Speaker 8 But when you're a child, you're like, well, why do we say something after someone sneezes, but not after they burp? Or, you know, like, why, why, like, you know, it seemed there's so.
Speaker 8 And then parents sometimes get very annoyed with the long list of why questions, because then they have to ask themselves these. And so I loved always looking at the things we do from the outside.
Speaker 8 And so that's sort of the impetus for the Strange Customs podcast.
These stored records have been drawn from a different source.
lemma LS_Lambda_separated:
  assumes L: "L \<ge> 1" "L + S \<ge> 2"
    and "i < LS_t L S n" and "j < LS_t L S n" and "i \<noteq> j"
  shows "LS_beta L S ^ (n + 1) \<le> dist_int (LS_Lambda L S n ! i - LS_Lambda L S n ! j)"
proof -
  obtain A B where P: "LS_partition L S n A B" using LS_partition_exists[OF L] by blast
  define J where "J = A @ B"
  have Lambda: "LS_Lambda L S n = map fst J" and sorted: "sorted_wrt nonoverlapping J"
    and bounds: "\<forall>p\<in>set J. 0 \<le> fst p \<and> fst p + snd p \<le> 1"
    using P by (simp_all add: LS_partition_def J_def)
  have ij: "i < length J" "j < length J"
    using assms length_LS_Lambda[OF L, of n] by (simp_all add: Lambda)
  have "LS_beta L S ^ (n + 1) \<le> LS_beta L S ^ n"
    using LS_beta(1,2)[OF L] by (simp add: power_decreasing)
  then have short: "\<forall>p\<in>set J. LS_beta L S ^ (n + 1) \<le> snd p"
    using P by (auto simp: LS_partition_def J_def)
  have "nonoverlapping (J ! i) (J ! j)"
    using sorted_wrt_nth_less[OF sorted] nonoverlapping_sym ij \<open>i \<noteq> j\<close>
    by (cases i j rule: linorder_cases) auto
  then show ?thesis
    using bounds short ij nth_mem[of i J] nth_mem[of j J]
    by (simp add: Lambda dist_int_ge_if_nonoverlapping)
qed

lemma LS_point_eq_nth_LS_Lambda:
  assumes L: "L \<ge> 1" "L + S \<ge> 2" and "1 \<le> m" and "m \<le> LS_t L S n"
  shows "LS_point L S m = LS_Lambda L S n ! (m - 1)"
  unfolding LS_point_def
  using assms LS_t_ge[OF L, of m]
  by (intro LS_Lambda_nth_eq) (simp_all add: length_LS_Lambda[OF L])

lemma pair_corr_LS_point_LS_t:
  assumes L: "L \<ge> 1" "L + S \<ge> 2"
  shows "pair_corr (LS_point L S) (LS_t L S n) (LS_beta L S / 2) = 0"
proof (rule pair_corr_eq_0)
  define b t where "b = LS_beta L S" and "t = LS_t L S n"
  have "0 < b" using LS_beta(1)[OF L] by (simp add: b_def)
  moreover have "1 \<le> real t * b ^ n" using LS_t_mult_power_ge_1[OF L] by (simp add: b_def t_def)
  ultimately have radius_small: "b / 2 / real t < b ^ (n + 1)"
    by (simp add: divide_less_eq mult.commute mult.left_commute)
  fix l m assume "l \<in> {1..t}" "m \<in> {1..t}" "l \<noteq> m"
  then have "b ^ (n + 1) \<le> dist_int (LS_point L S l - LS_point L S m)"
    using LS_Lambda_separated[OF L, of "l - 1" n "m - 1"]
      LS_point_eq_nth_LS_Lambda[OF L, of l n] LS_point_eq_nth_LS_Lambda[OF L, of m n]
    by (auto simp: b_def t_def)
  with radius_small show "b / 2 / real t < dist_int (LS_point L S l - LS_point L S m)" by simp
qed

theorem corollary1:
  fixes L S :: nat
  assumes "L \<ge> 1" and "L + S \<ge> 2"
  shows "\<not> poissonian_pc (LS_point L S)"
proof (rule not_poissonian_pc_if_pair_corr_vanishes)
  show "strict_mono (LS_t L S)" using strict_mono_LS_t[OF assms] .
  show "LS_beta L S / 2 > 0" using LS_beta(1)[OF assms] by simp
  show "pair_corr (LS_point L S) (LS_t L S n) (LS_beta L S / 2) = 0" for n
    using pair_corr_LS_point_LS_t[OF assms] .
qed

end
Speaker 8 Like if you were an anthropologist from somewhere else, how would you explain, you know, marriage, anything from like marriage and, you know, rituals around birth to like April Fool's Day or, you know, I mean, Halloween is a perfect example.
Speaker 8 I think it's that. And I'm also really interested in customs and traditions because as a non-religious person, I still want to mark time and process change.
Speaker 8 And I still, you know, want to grieve when someone dies and like got married and had a wedding.
Speaker 8 And like, when the seasons change, I want to have a celebration, but I don't have the infrastructure of religion. So how do we do that?
Speaker 2 There's a, I think there's a distinct difference between ritual and spirituality when it comes to our species.
Speaker 8 Right.
Speaker 2 Do you think it's connected? Do you think it's there's a like we as a as a like like a primate, we must have rituals?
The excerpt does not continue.